In some embodiments, the composition further comprises one or more tRNA molecules that recognize UAG, UAA, or UGA and one or more aminoacyl-tRNA synthetases (aaRSs) for charging the one or more tRNA molecules with a non-canonical amino acid (ncAA). In some embodiments, the ncAA comprises p-azidophenylalanine, 2-aminoisobutyric acid (Aib), an azide-containing ncAA, an alkene-containing ncAA, an alkyne-containing ncAA, or a combination thereof. In some embodiments, the azide-containing ncAA comprises (S)-2-amino-6-((2-azidoethoxy)carbonylamino)hexanoic acid (LysN3). In some embodiments, the alkene-containing ncAA or the alkyne-containing ncAA comprises (2S)-2-amino-6-(((prop-2-yn-1-yloxy)carbonyl)amino)hexanoic acid (LysAlk), Nε-Allyloxycarbonyl-L-lysine, N-ε-propargyloxycarbonyl-L-lysine, L-2-Allylglycine, or O-Allyl-L-Tyrosine. In some embodiments, the one or more tRNA molecules recognize UAG and the one or more aaRSs charges the one or more tRNA molecules with a first ncAA. In some embodiments, the one or more tRNA molecules recognize UAA and the one or more aaRSs charges the one or more tRNA molecules with a second ncAA. In some embodiments, the one or more tRNA molecules recognize UGA and the one or more aaRSs charges the one or more tRNA molecules with a third ncAA. In some embodiments, the first ncAA, the second ncAA, and/or the third ncAA are different from each other.
In some aspects, provided herein is a recombinant nucleic acid construct comprising a sequence encoding any of the first recombinant release factor described herein. In some aspects, provided herein is a recombinant nucleic acid construct comprising a sequence encoding any of the second recombinant release factor described herein. In some embodiments, the sequence comprises a conditional promoter for expressing the first recombinant release factor or the second recombinant release factor. In some embodiments, the conditional promoter comprises a galactose inducible promoter, a tetracycline inducible promoter, a methionine inducible promoter, or an estradiol inducible promoter. In some embodiments, the galactose inducible promoter comprises GAL1. In some embodiments, the tetracycline inducible promoter comprises tetracycline inducible promoter or doxycycline inducible promoter. In some embodiments, the methionine inducible promoter comprises MET15. In some embodiments, the estradiol inducible promoter comprises GEV.

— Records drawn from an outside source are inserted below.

(* Let $L$ be an oriented classical or virtual link with $n$ components. The forbidden matrix $\mathcal{FM}(L)\in M_n(\mathbb{Z})$ is an invariant of classical and virtual links up to conjugation by a permutation matrix.
   Context: An oriented (classical or virtual) link with $n$ components is represented by a signed Gauss diagram: $n$ oriented circles, one per component, with arrows from over-crossing point to under-crossing point, each arrow carrying the sign $\pm1$ of its crossing; virtual links are equivalence classes of such diagrams under Gauss-diagram Reidemeister moves. The forbidden moves are: interchange two adjacent arrowheads, or two adjacent arrow tails, on a circle. Using forbidden and Reidemeister moves, a Gauss diagram can be reduced to one with no arrow having both endpoints on the same circle and in which, for each ordered pair $(j,k)$ of distinct circles, all arrows from circle $j$ to circle $k$ have the same sign. The forbidden quiver $\mathcal{FQ}(L)$ is obtained by shrinking each circle of this reduced diagram to a vertex; $m$ parallel arrows of sign $\varepsilon$ from vertex $j$ to vertex $k$ are recorded as a single arrow with integer label $\varepsilon m$. The forbidden matrix $\mathcal{FM}(L)$ is the $n\times n$ integer matrix whose entry in row $j$, column $k$ is the label on the arrow from vertex $j$ to vertex $k$ of $\mathcal{FQ}(L)$ (and $0$ if there is no such arrow; in particular the diagonal is $0$). *)

theory Defs
  imports "HOL-Combinatorics.Permutations"
begin

text \<open>An endpoint is a pair (a, h): arrow label a, h = True for the arrowhead
  (under-crossing), h = False for the arrow tail (over-crossing).
  A diagram is a list of n words (one per circle, read along the orientation
  of the circle, considered cyclically) together with a sign function on labels.\<close>

type_synonym endpt = "nat \<times> bool"
type_synonym gauss = "endpt list list \<times> (nat \<Rightarrow> int)"

definition labels :: "gauss \<Rightarrow> nat set" where
  "labels D = {a. \<exists>w\<in>set (fst D). (a, True) \<in> set w \<or> (a, False) \<in> set w}"

definition wf_gauss :: "gauss \<Rightarrow> bool" where
  "wf_gauss D \<longleftrightarrow> (\<forall>a\<in>labels D.
      count_list (concat (fst D)) (a, True) = 1 \<and>
      count_list (concat (fst D)) (a, False) = 1 \<and>
      (snd D a = 1 \<or> snd D a = -1))"

definition gauss_iso :: "gauss \<Rightarrow> gauss \<Rightarrow> bool" where
  "gauss_iso D D' \<longleftrightarrow> (\<exists>f \<sigma> r.
      length (fst D') = length (fst D) \<and>
      \<sigma> permutes {..<length (fst D)} \<and>
      inj_on f (labels D) \<and>
      (\<forall>i<length (fst D). fst D' ! i = rotate (r i) (map (apfst f) (fst D ! \<sigma> i))) \<and>
      (\<forall>a\<in>labels D. snd D' (f a) = snd D a))"

definition ins_seg :: "endpt list list \<Rightarrow> nat \<Rightarrow> nat \<Rightarrow> endpt list \<Rightarrow> endpt list list" where
  "ins_seg ws i p seg = ws[i := take p (ws ! i) @ seg @ drop p (ws ! i)]"

definition adj :: "endpt list list \<Rightarrow> endpt \<Rightarrow> endpt \<Rightarrow> bool" where
  "adj ws x y \<longleftrightarrow> (\<exists>i xs ys. i < length ws \<and> ws ! i = xs @ [x, y] @ ys)"

definition swp :: "endpt \<Rightarrow> endpt \<Rightarrow> endpt \<Rightarrow> endpt" where
  "swp x y e = (if e = x then y else if e = y then x else e)"

definition r1_move :: "gauss \<Rightarrow> gauss \<Rightarrow> bool" where
  "r1_move D D' \<longleftrightarrow> (\<exists>i p a e1 e2.
      i < length (fst D) \<and> p \<le> length (fst D ! i) \<and> a \<notin> labels D \<and>
      ((e1, e2) = ((a, False), (a, True)) \<or> (e1, e2) = ((a, True), (a, False))) \<and>
      fst D' = ins_seg (fst D) i p [e1, e2] \<and>
      (snd D' a = 1 \<or> snd D' a = -1) \<and>
      (\<forall>x\<in>labels D. snd D' x = snd D x))"

definition r2_move :: "gauss \<Rightarrow> gauss \<Rightarrow> bool" where
  "r2_move D D' \<longleftrightarrow> (\<exists>i p j q a b H.
      a \<noteq> b \<and> a \<notin> labels D \<and> b \<notin> labels D \<and>
      i < length (fst D) \<and> p \<le> length (fst D ! i) \<and>
      j < length (fst D) \<and>
      q \<le> length (ins_seg (fst D) i p [(a, False), (b, False)] ! j) \<and>
      (j = i \<longrightarrow> q \<noteq> p + 1) \<and>
      (H = [(a, True), (b, True)] \<or> H = [(b, True), (a, True)]) \<and>
      fst D' = ins_seg (ins_seg (fst D) i p [(a, False), (b, False)]) j q H \<and>
      (snd D' a = 1 \<or> snd D' a = -1) \<and> snd D' b = - snd D' a \<and>
      (\<forall>x\<in>labels D. snd D' x = snd D x))"

text \<open>Reidemeister move 3: arrows a : T\<rightarrow>M, b : T\<rightarrow>B, c : M\<rightarrow>B
  (top, middle, bottom strand), whose endpoints form three segments of two
  adjacent endpoints each; the move reverses the order on each segment.
  The side conditions describe exactly the sign/order configurations that occur
  for three oriented strands in the plane (signs of a, b, c are the crossing signs).\<close>
definition r3_move :: "gauss \<Rightarrow> gauss \<Rightarrow> bool" where
  "r3_move D D' \<longleftrightarrow> (\<exists>a b c. let ws = fst D; s = snd D;
        oT = adj ws (a, False) (b, False);
        oM = adj ws (a, True) (c, False);
        oB = adj ws (b, True) (c, True) in
      distinct [a, b, c] \<and> a \<in> labels D \<and> b \<in> labels D \<and> c \<in> labels D \<and>
      (oT \<or> adj ws (b, False) (a, False)) \<and>
      (oM \<or> adj ws (c, False) (a, True)) \<and>
      (oB \<or> adj ws (c, True) (b, True)) \<and>
      ((oT \<noteq> oM) \<longleftrightarrow> s b \<noteq> s c) \<and>
      ((oM \<noteq> oB) \<longleftrightarrow> s a \<noteq> s b) \<and>
      snd D' = s \<and>
      fst D' = map (map (swp (a, False) (b, False) \<circ> swp (a, True) (c, False)
                          \<circ> swp (b, True) (c, True))) ws)"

In some aspects, provided herein is a vector comprising any of the recombinant nucleic acid construct described herein.
In some aspects, provided herein is a composition comprising: (a) a first recombinant nucleic acid sequence comprising a first sequence encoding a first recombinant release factor, wherein the first recombinant release factor is configured to recognize UGA, UAA, UAG, or any combination thereof as a stop codon; and (b) a second recombinant nucleic acid sequence comprising a second sequence encoding a second recombinant release factor, wherein the second recombinant release factor is configured to recognize UGA, UAA, UAG, or any combination thereof as a stop codon, wherein the second nucleic acid sequence comprises an element that allows selective modulation of function or expression of the second recombinant release factor.

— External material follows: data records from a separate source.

(* Let $k$ be a field of characteristic $\ne 2$ and let $n$ be a positive even integer. Then there is an isomorphism of symmetric bilinear forms over $k$: \[ \phi^{\mathrm{even}}_n \cong \begin{cases} \phi^{\mathrm{odd}}_n & \text{if } n \equiv 0 \bmod 4,\\[2pt] \left\langle 2\binom{n}{n/2}\right\rangle \oplus \phi^{\mathrm{odd}}_n & \text{if } n \equiv 2 \bmod 4. \end{cases} \]
   Context: For $\lambda \in k$, $\langle \lambda \rangle$ denotes a one-dimensional $k$-vector space with basis $e$ and symmetric bilinear form $(e,e)\mapsto\lambda$ (possibly degenerate if $\lambda = 0$ in $k$); $\oplus$ is orthogonal sum. Define $\phi^{\mathrm{odd}}_n := \bigoplus_{0 \le i < n/2,\ i \text{ odd}} \langle \binom{n}{i}\rangle$ and $\phi^{\mathrm{even}}_n := \bigoplus_{0 \le i < n/2,\ i \text{ even}} \langle \binom{n}{i}\rangle$, with binomial coefficients viewed as elements of $k$. *)

theory Defs
  imports Main
begin

text \<open>A diagonal symmetric bilinear form <d_0> (+) ... (+) <d_{m-1}> is represented by the
list [d_0,...,d_{m-1}]; its underlying space is k^m, realised as the functions
nat => k vanishing outside {0..<m}. Orthogonal sum of diagonal forms is list append.\<close>

definition coord_space :: "nat \<Rightarrow> (nat \<Rightarrow> 'a::field) set" where
  "coord_space m = {x. \<forall>i\<ge>m. x i = 0}"

definition diag_form :: "'a::field list \<Rightarrow> (nat \<Rightarrow> 'a) \<Rightarrow> (nat \<Rightarrow> 'a) \<Rightarrow> 'a" where
  "diag_form ds x y = (\<Sum>i<length ds. ds ! i * x i * y i)"

definition isometric :: "'a::field list \<Rightarrow> 'a list \<Rightarrow> bool" where
  "isometric ds es \<longleftrightarrow> (\<exists>f. bij_betw f (coord_space (length ds)) (coord_space (length es))
      \<and> (\<forall>x\<in>coord_space (length ds). \<forall>y\<in>coord_space (length ds). f (\<lambda>i. x i + y i) = (\<lambda>i. f x i + f y i))
      \<and> (\<forall>c. \<forall>x\<in>coord_space (length ds). f (\<lambda>i. c * x i) = (\<lambda>i. c * f x i))
      \<and> (\<forall>x\<in>coord_space (length ds). \<forall>y\<in>coord_space (length ds).
            diag_form es (f x) (f y) = diag_form ds x y))"

definition phi_odd :: "nat \<Rightarrow> 'a::field list" where
  "phi_odd n = map (\<lambda>i. of_nat (n choose i)) (filter (\<lambda>i. odd i \<and> 2 * i < n) [0..<n])"

definition phi_even :: "nat \<Rightarrow> 'a::field list" where
  "phi_even n = map (\<lambda>i. of_nat (n choose i)) (filter (\<lambda>i. even i \<and> 2 * i < n) [0..<n])"

end

theory Submission
  imports Defs Complex_Main
begin

text \<open>Let n = 2m and let K be the Krawtchouk matrix: row i of K lists the coefficients
of (x + 1)^i (x - 1)^(n - i). Comparing coefficients of polynomial identities gives
K^2 = 2^n, the symmetry binom(n,i) K_ij = binom(n,j) K_ji and the reflection rules
K_{i,n-j} = (-1)^(n-i) K_ij, K_{n-i,j} = (-1)^(n+j) K_ij. With the reflection rules every
sum over 0..n folds onto 0..m and splits by parity. It follows that the block of 2^(-m) K
with odd rows k \<le> m and even columns i < m, each row k < m doubled because it stands for
both k and n - k, is invertible, and by the symmetry it carries phi_even isometrically onto
the sum of <binom(n,k)> over odd k < m, plus <2 binom(n,m)> when m is odd.\<close>

definition krawtchouk :: "nat \<Rightarrow> nat \<Rightarrow> nat \<Rightarrow> int" where
  "krawtchouk n i j =
     (\<Sum>k\<le>j. int (i choose k) * int ((n - i) choose (j - k)) * (-1) ^ (n - i - (j - k)))"

lemma Cauchy_product_atMost:
  fixes F G :: "nat \<Rightarrow> 'b::comm_semiring_0"
  assumes "\<And>k l. n < k + l \<Longrightarrow> F k * G l = 0"
  shows "(\<Sum>k\<le>n. F k) * (\<Sum>l\<le>n. G l) = (\<Sum>j\<le>n. \<Sum>k\<le>j. F k * G (j - k))"
proof -
  have "(\<Sum>k\<le>n. F k) * (\<Sum>l\<le>n. G l) = (\<Sum>(k, l)\<in>{(k, l). k + l \<le> n}. F k * G l)"
    unfolding sum_product sum.cartesian_product
  proof (rule sum.mono_neutral_right)
    show "\<forall>x\<in>{..n} \<times> {..n} - {(k, l). k + l \<le> n}.
        (case x of (k, l) \<Rightarrow> F k * G l) = 0"
    proof
      fix x assume "x \<in> {..n} \<times> {..n} - {(k, l). k + l \<le> n}"
      then obtain k l where "x = (k, l)" "n < k + l"
        by auto
      then show "(case x of (k, l) \<Rightarrow> F k * G l) = 0"
        using assms by simp
    qed
  qed auto
  also have "\<dots> = (\<Sum>j\<le>n. \<Sum>k\<le>j. F k * G (j - k))"
    by (rule sum.triangle_reindex_eq)
  finally show ?thesis .
qed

In some embodiments, the first recombinant release factor recognizes UGA as the stop codon. In some embodiments, the first recombinant release factor does not recognize UAA and/or UAG as the stop codon. In some embodiments, the first recombinant release factor recognizes UAA, UAG, or any combination thereof as the stop codon. In some embodiments, the first recombinant release factor does not recognize UGA as the stop codon. In some embodiments, the second recombinant release factor recognizes UAA and UAG as stop codons. In some embodiments, the second recombinant release factor recognizes UGA as the stop codon. In some embodiments, the second recombinant release factor recognizes UGA, UAA, and UAG as stop codons.
In some embodiments, the second recombinant nucleic acid sequence comprises the element that allows selective modulation of the function of the second recombinant release factor. In some embodiments, the element that allows selective modulation of the function comprises a temperature sensitive allele that allows the second recombinant release factor to function only at a permissive temperature or a degron cassette that allows degradation of the second recombinant release factor.
In some embodiments, the temperature sensitive allele comprises sup45-ts, sup45-2, sup45-36ts, sup45-1023ts, or sup45-sl23ts. In some embodiments, the sup45-ts comprises a sequence with at least 70% sequence identity to SEQ ID NO: 162. In some embodiments, the sup45-2 comprises a sequence with at least 70% sequence identity to SEQ ID NO: 163. In some embodiments, the sup45-36ts comprises a sequence with at least 70% sequence identity to SEQ ID NO: 164. In some embodiments, the sup45-1023ts comprises a sequence with at least 70% sequence identity to SEQ ID NO: 165. In some embodiments, the sup45-sl23ts comprises a sequence with at least 70% sequence identity to SEQ ID NO: 166 or 167. In some embodiments, the permissive temperature comprises from about 20° C. to about 33° C. In some embodiments, the permissive temperature is 25° C.
In some embodiments, the degron cassette comprises a heat-inducible degron cassette or a small molecule-inducible degron cassette. In some embodiments, the degron cassette comprises the small molecule-inducible degron cassette. In some embodiments, the small molecule comprises an auxin or asunaprevir.
In some embodiments, the second recombinant nucleic acid sequence comprises the element that allows selective modulation of the expression of the second recombinant release factor. In some embodiments, the element that allows selective modulation of the expression of the second recombinant release factor comprises a conditional promoter. In some embodiments, the conditional promoter comprises a galactose inducible promoter, a tetracycline inducible promoter, a methionine inducible promoter, or an estradiol inducible promoter. In some embodiments, the galactose inducible promoter comprises GAL1. In some embodiments, the tetracycline inducible promoter comprises tetracycline inducible promoter or doxycycline inducible promoter. In some embodiments, the methionine inducible promoter comprises MET15. In some embodiments, the estradiol inducible promoter comprises GEV.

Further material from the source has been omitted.